lemma Collect_component_le_eq_halfspace:
  "{c::real^'n::finite. c$j \<le> c$i} = {c. (axis j 1 - axis i 1) \<bullet> c \<le> 0}"
  by (auto simp: inner_diff_left inner_axis')

lemma convex_argmax_cone: "convex (argmax_cone B c0)"
  unfolding argmax_cone_eq_INT Collect_component_le_eq_halfspace
  by (intro convex_INT convex_halfspace_le)

lemma closed_argmax_cone: "closed (argmax_cone B c0)"
  unfolding argmax_cone_eq_INT Collect_component_le_eq_halfspace
  by (intro closed_INT ballI closed_halfspace_le)

lemma cone_argmax_cone: "cone (argmax_cone B c0)"
  unfolding argmax_cone_eq_INT cone_def by (auto intro: mult_left_mono)

lemma argmax_cone_Int_face_of:
  assumes ne: "\<forall>S\<in>B. S \<noteq> {}"
  shows "(argmax_cone B c0 \<inter> argmax_cone B c1) face_of argmax_cone B c0"
proof -
  let ?a = "central_point B c1 - central_point B c0"
  have on_cone: "?a \<bullet> c = c \<bullet> central_point B c1 - support_fun B c" if "c \<in> argmax_cone B c0" for c
    using that inner_central_point_eq_support_fun_iff[OF ne, of c c0]
    by (simp add: inner_diff_left inner_diff_right inner_commute)
  have "argmax_cone B c0 \<inter> argmax_cone B c1 = argmax_cone B c0 \<inter> {c. ?a \<bullet> c = 0}"
    using on_cone inner_central_point_eq_support_fun_iff[OF ne] by auto
  moreover have "?a \<bullet> c \<le> 0" if "c \<in> argmax_cone B c0" for c
    using on_cone[OF that] minkowski_family_inner_le[OF central_point_in_minkowski_family[OF ne]]
    by simp
  ultimately show ?thesis
    using face_of_Int_supporting_hyperplane_le[OF convex_argmax_cone] by metis
qed

lemma argmax_on_scaleR: "0 < t \<Longrightarrow> argmax_on (t *\<^sub>R a) S = argmax_on a S"
  unfolding argmax_on_def by auto

lemma argmax_on_add:
  assumes "argmax_on a S \<inter> argmax_on b S \<noteq> {}"
  shows "argmax_on (a + b) S = argmax_on a S \<inter> argmax_on b S"
proof (intro set_eqI iffI)
  obtain k where k: "k \<in> argmax_on a S" "k \<in> argmax_on b S"
    using assms by blast
  fix i assume i: "i \<in> argmax_on (a + b) S"
  have "i \<in> S" "a$k + b$k \<le> a$i + b$i" "a$i \<le> a$k" "b$i \<le> b$k"
    using i k unfolding argmax_on_def by auto
  then have "a$i = a$k" "b$i = b$k"
    by linarith+
  then show "i \<in> argmax_on a S \<inter> argmax_on b S"
    using k \<open>i \<in> S\<close> unfolding argmax_on_def by simp
next
  fix i assume "i \<in> argmax_on a S \<inter> argmax_on b S"
  then show "i \<in> argmax_on (a + b) S"
    unfolding argmax_on_def by (auto intro: add_mono)
qed

definition argmax_size :: "'n::finite set set \<Rightarrow> real^'n \<Rightarrow> nat" where
  "argmax_size B c = (\<Sum>S\<in>B. card (argmax_on c S))"

text \<open>Comparing with the midpoint of \<open>c1\<close> and any \<open>c \<in> D\<close>, whose argmax sets are the
  intersections of theirs, minimality forces the argmax sets of \<open>c1\<close> into those of \<open>c\<close>.\<close>
lemma subset_argmax_cone_min_argmax_size:
  assumes ne: "\<forall>S\<in>B. S \<noteq> {}" and D: "convex D" "D \<subseteq> argmax_cone B c0"
    and c1: "c1 \<in> D" and min: "\<And>c. c \<in> D \<Longrightarrow> argmax_size B c1 \<le> argmax_size B c"
  shows "D \<subseteq> argmax_cone B c1"
proof
  fix c assume c: "c \<in> D"
  define m where "m = (1/2) *\<^sub>R c1 + (1/2) *\<^sub>R c"
  have "m \<in> D"
    using convexD[OF D(1) c1 c, of "1/2" "1/2"] by (simp add: m_def)
  have m_argmax: "argmax_on m S = argmax_on c1 S \<inter> argmax_on c S" if S: "S \<in> B" for S
  proof -
    have "argmax_on c0 S \<subseteq> argmax_on c1 S \<inter> argmax_on c S"
      using D(2) c1 c S unfolding argmax_cone_def by blast
    moreover have "argmax_on c0 S \<noteq> {}"
      using ne S by (simp add: argmax_on_nonempty)
    ultimately have "argmax_on c1 S \<inter> argmax_on c S \<noteq> {}"
      by blast
    then show ?thesis
      unfolding m_def scaleR_right_distrib[symmetric] by (simp add: argmax_on_scaleR argmax_on_add)
  qed
  have card_eq: "card (argmax_on m S) = card (argmax_on c1 S)" if S: "S \<in> B" for S
  proof (rule ccontr)
    have le: "\<forall>S\<in>B. card (argmax_on m S) \<le> card (argmax_on c1 S)"
      using m_argmax by (auto intro!: card_mono)
    assume "card (argmax_on m S) \<noteq> card (argmax_on c1 S)"
    then have "argmax_size B m < argmax_size B c1"
      unfolding argmax_size_def using le S by (intro sum_strict_mono_ex1) (auto intro!: bexI[of _ S])
    then show False
      using min[OF \<open>m \<in> D\<close>] by simp
  qed
  have "argmax_on c1 S \<subseteq> argmax_on c S" if S: "S \<in> B" for S
    using card_subset_eq[of "argmax_on c1 S" "argmax_on m S"] card_eq[OF S] m_argmax[OF S] by auto
  then have "\<forall>S\<in>B. argmax_on c1 S \<subseteq> argmax_on c S" by blast
  then show "c \<in> argmax_cone B c1"
    by (simp add: argmax_cone_def)
qed

lemma argmax_on_perturb:
  assumes "argmax_on c1 S \<subseteq> argmax_on c S"
  shows "\<forall>\<^sub>F t in at_right 0. argmax_on c1 S \<subseteq> argmax_on (c1 + t *\<^sub>R (c1 - c)) S"
proof -
  define z where "z t = c1 + t *\<^sub>R (c1 - c)" for t :: real
  have "\<forall>\<^sub>F t in at_right 0. (z t)$j \<le> (z t)$i" if i: "i \<in> argmax_on c1 S" and j: "j \<in> S" for i j
  proof (cases "c1$j < c1$i")
    case True
    have "((\<lambda>t. (z t)$i - (z t)$j) \<longlongrightarrow> c1$i - c1$j) (at_right 0)"
      unfolding z_def by (auto intro!: tendsto_eq_intros)
    then have "\<forall>\<^sub>F t in at_right 0. 0 < (z t)$i - (z t)$j"
      using True by (intro order_tendstoD(1)) auto
    then show ?thesis
      by eventually_elim simp
  next
    case False
    then have "j \<in> argmax_on c1 S"
      using i j unfolding argmax_on_def by fastforce
    then have "c$i = c$j" "c1$i = c1$j"
      using i assms unfolding argmax_on_def by (auto intro: antisym)
    then show ?thesis
      by (simp add: z_def)
  qed
  then have "\<forall>\<^sub>F t in at_right 0. \<forall>(i, j)\<in>argmax_on c1 S \<times> S. (z t)$j \<le> (z t)$i"
    by (intro eventually_ball_finite) auto
  then show ?thesis
    by eventually_elim (auto simp: z_def argmax_on_def)
qed

lemma argmax_cone_open_segment:
  assumes c: "c \<in> argmax_cone B c1" "c \<noteq> c1"
  obtains z where "z \<in> argmax_cone B c1" "c1 \<in> open_segment c z"
proof -
  define z where "z t = c1 + t *\<^sub>R (c1 - c)" for t :: real
  have "\<forall>\<^sub>F t in at_right 0. \<forall>S\<in>B. argmax_on c1 S \<subseteq> argmax_on (z t) S"
    using c(1) unfolding z_def argmax_cone_def by (intro eventually_ball_finite) (auto intro: argmax_on_perturb)
  then have "\<forall>\<^sub>F t in at_right 0. 0 < t \<and> z t \<in> argmax_cone B c1"
    using eventually_at_right_less[of 0] by eventually_elim (simp add: argmax_cone_def)
  then obtain t where t: "0 < t" and z: "z t \<in> argmax_cone B c1"
    using eventually_happens'[OF trivial_limit_at_right_real] by blast
  define u where "u = 1 / (1 + t)"
  have u: "0 < u" "u < 1" "u * (1 + t) = 1"
    using t by (auto simp: u_def)
  have "(1 - u) *\<^sub>R c + u *\<^sub>R z t = (1 - u * (1 + t)) *\<^sub>R c + (u * (1 + t)) *\<^sub>R c1"
    by (simp add: z_def algebra_simps)
  then have "c1 = (1 - u) *\<^sub>R c + u *\<^sub>R z t"
    using u(3) by simp
  moreover have "c \<noteq> z t"
  proof
    assume "c = z t"
    then have "(1 + t) *\<^sub>R (c - c1) = 0"
      by (simp add: z_def algebra_simps)
    then show False
      using t c(2) by simp
  qed
  ultimately have "c1 \<in> open_segment c (z t)"
    using u unfolding in_segment by blast
  with z show thesis ..
qed

lemma argmax_cone_subset_face:
  assumes D: "D face_of argmax_cone B c0" and c1: "c1 \<in> D"
  shows "argmax_cone B c1 \<subseteq> D"
proof
  fix c assume c: "c \<in> argmax_cone B c1"
  have sub: "argmax_cone B c1 \<subseteq> argmax_cone B c0"
    using argmax_cone_trans face_of_imp_subset[OF D] c1 by (meson subsetD)
  show "c \<in> D"
  proof (cases "c = c1")
    case False
    obtain z where "z \<in> argmax_cone B c1" "c1 \<in> open_segment c z"
      using c False by (rule argmax_cone_open_segment)
    then show ?thesis
      using face_ofD[OF D] c c1 sub by blast
  qed (use c1 in simp)
qed

lemma face_of_argmax_cone:
  assumes ne: "\<forall>S\<in>B. S \<noteq> {}" and D: "D face_of argmax_cone B c0" "D \<noteq> {}"
  obtains c1 where "D = argmax_cone B c1"
proof -
  obtain c1 where c1: "c1 \<in> D" and min: "\<And>c. c \<in> D \<Longrightarrow> argmax_size B c1 \<le> argmax_size B c"
    using D(2) ex_has_least_nat[of "\<lambda>c. c \<in> D" _ "argmax_size B"] by blast
  have "D \<subseteq> argmax_cone B c1"
    using ne face_of_imp_convex[OF D(1)] face_of_imp_subset[OF D(1)] c1 min
    by (rule subset_argmax_cone_min_argmax_size)
  moreover have "argmax_cone B c1 \<subseteq> D"
    using D(1) c1 by (rule argmax_cone_subset_face)
  ultimately show thesis
    using that by blast
qed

---+---

> _Your task_
The answer must consist of each line in the entries above that includes "forall".

> _Answer box_
  assumes ne: "\<forall>S\<in>B. S \<noteq> {}"
  assumes ne: "\<forall>S\<in>B. S \<noteq> {}" and D: "convex D" "D \<subseteq> argmax_cone B c0"
    have le: "\<forall>S\<in>B. card (argmax_on m S) \<le> card (argmax_on c1 S)"
  then have "\<forall>S\<in>B. argmax_on c1 S \<subseteq> argmax_on c S" by blast
  shows "\<forall>\<^sub>F t in at_right 0. argmax_on c1 S \<subseteq> argmax_on (c1 + t *\<^sub>R (c1 - c)) S"
  have "\<forall>\<^sub>F t in at_right 0. (z t)$j \<le> (z t)$i" if i: "i \<in> argmax_on c1 S" and j: "j \<in> S" for i j
    then have "\<forall>\<^sub>F t in at_right 0. 0 < (z t)$i - (z t)$j"
  then have "\<forall>\<^sub>F t in at_right 0. \<forall>(i, j)\<in>argmax_on c1 S \<times> S. (z t)$j \<le> (z t)$i"
  have "\<forall>\<^sub>F t in at_right 0. \<forall>S\<in>B. argmax_on c1 S \<subseteq> argmax_on (z t) S"
  then have "\<forall>\<^sub>F t in at_right 0. 0 < t \<and> z t \<in> argmax_cone B c1"
  assumes ne: "\<forall>S\<in>B. S \<noteq> {}" and D: "D face_of argmax_cone B c0" "D \<noteq> {}"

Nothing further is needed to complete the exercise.